LA ISLA DEL TESORO DE ROBERT L. STEVENSON
POR PEPE GUTIÉRREZ-ÁLVAREZ
Los poco más de
cuarenta y cinco años de la biografía de Robert Louis Stevenson Balfour
(Edimburgo, Escocia, 1850-Vailima, 1896), no tienen nada de aventureros. No
obstante, llevaba la aventura dentro desde que se creció como un niño
enfebrecido por las historias que le contaban. Había nacido en una familia
compuesta por el ingeniero –náutico- Thomas Stevenson, con la particularidad de
que pasó la mayor parte de su infancia enfermo. Su suerte fue que su atención
recayó sobre una niñera-enfermera llamada Alison Cunningham, conocida
familiarmente como “Cummy”. Se trataba de una mujer que influyó poderosamente
en la imaginación de Robert Louis. La
señora Cunningham era una narradora nata en el momento más adecuado, y tuvo la
inmensa virtud de enriquecer aquellos años con toda clase de relatos, de
historias sobre los mártires presbiterianos escoceses, sin olvidar novelas
victorianas baratas, las que aquí se llamaban de cordel, porque iban atadas con
una cuerda, amén de historias de la Biblia, salmos y un largo etcétera. Un
enorme caudal imaginativo que resultó
además ampliada por su padre, igualmente
un buen contador de historias marinas y a las que la madre añadía toda
clase de detalles sobre la dogmática religiosa familiar, todo un ambiente que
hizo que el futuro escritor se hiciese singularmente sensible a las tradiciones
y al legado cultural escocés.
Dicho legado tiene
un nombre sobre otros: presbíteros, palabra derivada del griego, prebysteros,
ancianos.
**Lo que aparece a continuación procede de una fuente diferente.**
(* Let $V>0$, $r_d>0$, $k>\frac{1}{r_d}$ and $r_a=\sqrt{r_d^2-\frac{1}{k^2}}$. Consider the closed-loop system (on the region $r\ge r_a$) $$\dot r=-V\cos\theta,\qquad \dot\theta=k\left[V\cos\!\left(\pi-\sin^{-1}\!\left(\tfrac{r_a}{r}\right)\right)+V\cos\theta\right]+\frac{V\sin\theta}{r}.$$ Then $(r,\theta)=(r_d,\frac{\pi}{2})$ is a locally exponentially stable equilibrium of this system.
   Context: This system is the polar form ($r$ = distance from UAV to target, $\theta$ = bearing angle, i.e., the counterclockwise angle from the UAV-to-target vector to the heading) of unicycle dynamics $\dot x=V\cos\psi,\ \dot y=V\sin\psi,\ \dot\psi=\omega$ under the control $\omega=k[V\cos(\pi-\sin^{-1}(r_a/r))-\dot r]$ for $r\ge r_a$ (and $\omega=0$ for $r<r_a$), with $\dot r=-V\cos\theta$ substituted. $\sin^{-1}$ is the principal arcsine. *)

theory Defs
  imports "HOL-Analysis.Analysis"
begin

definition cl_field :: "real \<Rightarrow> real \<Rightarrow> real \<Rightarrow> real \<times> real \<Rightarrow> real \<times> real" where
  "cl_field V k ra = (\<lambda>(r, \<theta>).
     (- V * cos \<theta>,
      (if r \<ge> ra then k * (V * cos (pi - arcsin (ra / r)) + V * cos \<theta>) else 0)
        + V * sin \<theta> / r))"

definition ode_solution :: "('a::real_normed_vector \<Rightarrow> 'a) \<Rightarrow> (real \<Rightarrow> 'a) \<Rightarrow> real set \<Rightarrow> bool" where
  "ode_solution f x S \<longleftrightarrow> (\<forall>t\<in>S. (x has_vector_derivative f (x t)) (at t within S))"

definition loc_exp_stable_eq :: "('a::real_normed_vector \<Rightarrow> 'a) \<Rightarrow> 'a \<Rightarrow> bool" where
  "loc_exp_stable_eq f p \<longleftrightarrow> f p = 0 \<and>
     (\<exists>\<delta>>0. \<exists>c>0. \<exists>lam>0. \<forall>x0. norm (x0 - p) < \<delta> \<longrightarrow>
        (\<exists>x. x 0 = x0 \<and> ode_solution f x {0..}) \<and>
        (\<forall>x. x 0 = x0 \<and> ode_solution f x {0..} \<longrightarrow>
           (\<forall>t\<ge>0. norm (x t - p) \<le> c * norm (x0 - p) * exp (- lam * t))))"

end

theory Submission
  imports Defs
begin

text \<open>In the tracking error \<open>(a, b) = (r - rd, \<theta> - pi/2)\<close> the closed loop is, up to quadratic
  terms, \<open>a' = V b\<close>, \<open>b' = - V k\<^sup>2 a - k V b\<close>; the choice of \<open>ra\<close> is exactly what makes
  \<open>rd\<close> a double zero of the radial part of the remainder. The quadratic form
  \<open>k\<^sup>2 a\<^sup>2 + k a b + b\<^sup>2\<close> decays at rate \<open>k V\<close> along the linear part, hence at rate \<open>k V / 2\<close>
  along the true field near the equilibrium. A Lyapunov function of this kind yields local
  exponential stability of any locally Lipschitz field: solutions starting close enough cannot
  leave the ball on which the decay estimate holds, and forward solutions exist because the
  field extended by composing with the metric projection onto that ball is globally
  Lipschitz and bounded, so Picard iteration converges on all of \<open>[0, \<infinity>)\<close>.\<close>

section \<open>Picard iteration for bounded globally Lipschitz fields\<close>

fun picard_iterate :: "('a::banach \<Rightarrow> 'a) \<Rightarrow> 'a \<Rightarrow> nat \<Rightarrow> real \<Rightarrow> 'a" where
  "picard_iterate G x0 0 t = x0"
| "picard_iterate G x0 (Suc n) t = x0 + integral {0..t} (\<lambda>s. G (picard_iterate G x0 n s))"

definition picard_limit :: "('a::banach \<Rightarrow> 'a) \<Rightarrow> 'a \<Rightarrow> real \<Rightarrow> 'a" where
  "picard_limit G x0 t = lim (\<lambda>n. picard_iterate G x0 n t)"

lemma integral_exp_le:
  fixes a c t :: real
  assumes "a > 0" "c \<ge> 0" "t \<ge> 0"
  shows "integral {0..t} (\<lambda>s. c * exp (a * s)) \<le> c * exp (a * t) / a"
proof -
  have "((\<lambda>s. c * exp (a * s)) has_integral c * exp (a * t) / a - c * exp (a * 0) / a) {0..t}"
  proof (rule fundamental_theorem_of_calculus[OF assms(3)])
    fix x assume "x \<in> {0..t}"
    have "((\<lambda>s. c * exp (a * s) / a) has_real_derivative c * exp (a * x)) (at x within {0..t})"
      using assms by (auto intro!: derivative_eq_intros)
    then show "((\<lambda>s. c * exp (a * s) / a) has_vector_derivative c * exp (a * x)) (at x within {0..t})"
      by (simp add: has_real_derivative_iff_has_vector_derivative)
  qed
  then have "integral {0..t} (\<lambda>s. c * exp (a * s)) = c * exp (a * t) / a - c * exp (a * 0) / a"
    by (rule integral_unique)
  then show ?thesis
    using assms by simp
qed

lemma lipschitz_on_realI:
  fixes u :: "real \<Rightarrow> 'a::real_normed_vector"
  assumes "0 \<le> C" "\<And>s t. s \<in> S \<Longrightarrow> t \<in> S \<Longrightarrow> s \<le> t \<Longrightarrow> norm (u t - u s) \<le> C * (t - s)"
  shows "C-lipschitz_on S u"
proof (rule lipschitz_onI)
  fix s t assume "s \<in> S" "t \<in> S"
  then show "dist (u s) (u t) \<le> C * dist s t"
    using assms(2)[of s t] assms(2)[of t s]
    by (cases "s \<le> t") (auto simp: dist_norm norm_minus_commute dist_real_def)
qed fact

locale bounded_lipschitz_field =
  fixes G :: "'a::banach \<Rightarrow> 'a" and L M :: real
  assumes L_pos: "L > 0"
    and G_lipschitz: "L-lipschitz_on UNIV G"
    and G_bounded: "\<And>x. norm (G x) \<le> M"
begin

lemma bound_nonneg: "M \<ge> 0"
  using G_bounded[of 0] norm_ge_zero order_trans by blast

lemma norm_diff_le: "norm (G x - G y) \<le> L * norm (x - y)"
  using lipschitz_onD[OF G_lipschitz] by (simp add: dist_norm)

lemma continuous_on_field_comp:
  fixes u :: "real \<Rightarrow> 'a"
  assumes "continuous_on {0..} u" "0 \<le> a"
  shows "continuous_on {a..b} (\<lambda>s. G (u s))"
proof -
  have "continuous_on UNIV G"
    using G_lipschitz by (rule lipschitz_on_continuous_on)
  then have "continuous_on {0..} (\<lambda>s. G (u s))"
    by (rule continuous_on_compose2[OF _ assms(1)]) auto
  then show ?thesis
    by (rule continuous_on_subset) (use assms(2) in auto)
qed

lemma integrable_field_comp:
  fixes u :: "real \<Rightarrow> 'a"
  shows "continuous_on {0..} u \<Longrightarrow> 0 \<le> a \<Longrightarrow> (\<lambda>s. G (u s)) integrable_on {a..b}"
  by (rule integrable_continuous_interval) (rule continuous_on_field_comp)

lemma picard_iterate_lipschitz: "M-lipschitz_on {0..} (picard_iterate G x0 n)"
proof (induction n)
  case 0
  show ?case
    by (rule lipschitz_on_transform[OF lipschitz_on_mono[OF lipschitz_on_constant order_refl bound_nonneg]]) simp
next
  case (Suc n)
  have cont: "continuous_on {0..} (picard_iterate G x0 n)"
    using Suc.IH by (rule lipschitz_on_continuous_on)
  show ?case
  proof (rule lipschitz_on_realI[OF bound_nonneg])
    fix s t :: real assume "s \<in> {0..}" "t \<in> {0..}" "s \<le> t"
    then have st: "0 \<le> s" "s \<le> t" by auto
    have "integral {0..s} (\<lambda>u. G (picard_iterate G x0 n u)) + integral {s..t} (\<lambda>u. G (picard_iterate G x0 n u))
        = integral {0..t} (\<lambda>u. G (picard_iterate G x0 n u))"
      using st by (intro Henstock_Kurzweil_Integration.integral_combine integrable_field_comp cont) auto
    then have "picard_iterate G x0 (Suc n) t - picard_iterate G x0 (Suc n) s
        = integral {s..t} (\<lambda>u. G (picard_iterate G x0 n u))"
      by (simp add: algebra_simps)
    also have "norm \<dots> \<le> M * (t - s)"
      using st by (intro integral_bound continuous_on_field_comp cont G_bounded) auto
    finally show "norm (picard_iterate G x0 (Suc n) t - picard_iterate G x0 (Suc n) s) \<le> M * (t - s)" .
  qed
qed

lemma continuous_on_picard_iterate: "continuous_on {0..} (picard_iterate G x0 n)"
  using picard_iterate_lipschitz by (rule lipschitz_on_continuous_on)

text \<open>The weight \<open>exp (2 * L * t)\<close> makes each Picard step contract by the factor \<open>1/2\<close>.\<close>
lemma picard_iterate_step_le:
  assumes "t \<ge> 0"
  shows "norm (picard_iterate G x0 (Suc n) t - picard_iterate G x0 n t) \<le> M / L * exp (2 * L * t) / 2 ^ Suc n"
  using assms
proof (induction n arbitrary: t)
  case 0
  have "norm (integral {0..t} (\<lambda>s. G x0)) \<le> M * t"
    using integral_bound[of 0 t "\<lambda>s. G x0" M] 0 G_bounded by auto
  also have "\<dots> \<le> M / L * exp (2 * L * t) / 2"
  proof -
    have "2 * L * t \<le> exp (2 * L * t)"
      using exp_ge_add_one_self[of "2 * L * t"] by linarith
    then show ?thesis
      using L_pos bound_nonneg mult_left_mono[of "2 * L * t" "exp (2 * L * t)" M]
      by (simp add: field_simps)
  qed
  finally show ?case by simp
next
  case (Suc n)
  let ?d = "\<lambda>s. G (picard_iterate G x0 (Suc n) s) - G (picard_iterate G x0 n s)"
  have "(\<lambda>s. G (picard_iterate G x0 (Suc n) s)) integrable_on {0..t}"
    "(\<lambda>s. G (picard_iterate G x0 n s)) integrable_on {0..t}"
    by (intro integrable_field_comp continuous_on_picard_iterate order_refl)+
  from integral_diff[OF this]
  have "picard_iterate G x0 (Suc (Suc n)) t - picard_iterate G x0 (Suc n) t = integral {0..t} ?d"
    by simp
  also have "norm \<dots> \<le> integral {0..t} (\<lambda>s. (M / 2 ^ Suc n) * exp (2 * L * s))"
  proof (rule integral_norm_bound_integral)
    show "?d integrable_on {0..t}"
      by (intro integrable_diff integrable_field_comp continuous_on_picard_iterate) simp_all
    show "(\<lambda>s. (M / 2 ^ Suc n) * exp (2 * L * s)) integrable_on {0..t}"
      by (intro integrable_continuous_interval continuous_intros)
    fix s assume s: "s \<in> {0..t}"
    have "norm (?d s) \<le> L * norm (picard_iterate G x0 (Suc n) s - picard_iterate G x0 n s)"
      by (rule norm_diff_le)
    also have "\<dots> \<le> L * (M / L * exp (2 * L * s) / 2 ^ Suc n)"
      using Suc.IH[of s] s L_pos by (intro mult_left_mono) auto
    finally show "norm (?d s) \<le> (M / 2 ^ Suc n) * exp (2 * L * s)"
      using L_pos by simp
  qed
  also have "\<dots> \<le> (M / 2 ^ Suc n) * exp (2 * L * t) / (2 * L)"
    using L_pos bound_nonneg Suc.prems by (intro integral_exp_le) auto
  also have "\<dots> = M / L * exp (2 * L * t) / 2 ^ Suc (Suc n)"
    using L_pos by (simp add: field_simps)
  finally show ?case .
qed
Se trata de una variación
nacionalista escocesa de la Reforma, más ligada a la tradición calvinista que a
la anglicana de Inglaterra, y que dio unas bases a las revueltas escocesas
contra los ingleses. Que Stevenson fue un patriota convencido lo demuestra el
hecho de que los 17 años, la familia pagó la publicación de un panfleto escrito
por el propio Robert que exaltaba la resistencia de los presbiterianos
escoceses contra los opresores realistas. Pero luego, mientras estudiaba
Derecho en la Universidad de Edimburgo, se rebeló violentamente contra la
respetabilidad presbiteriana de las clases pudientes de la ciudad. En esta época, Robert decidió finalmente
contradecir los deseos de su padre, y rechazó la posibilidad de seguir la
profesión de ingeniero para dedicar todo su tiempo a la literatura. Para
empeorar las cosas, en el año 1873, Thomas descubrió algunos papeles entre los
documentos de su hijo que le sugirieron la idea de que éste se pudiera haber
convertido en un ateo, lo que provocó una agria disputa entre ambos y un
enfrentamiento que les llevó a distanciarse.
Entonces, Robert
abandonó los estudios de ingeniería para estudiar leyes, y trabajó durante una
temporada como abogado, pero cuando contaba 25 años tomó la decisión de dedicar
todo su tiempo a escribir y empezó a colaborar en periódicos y revistas.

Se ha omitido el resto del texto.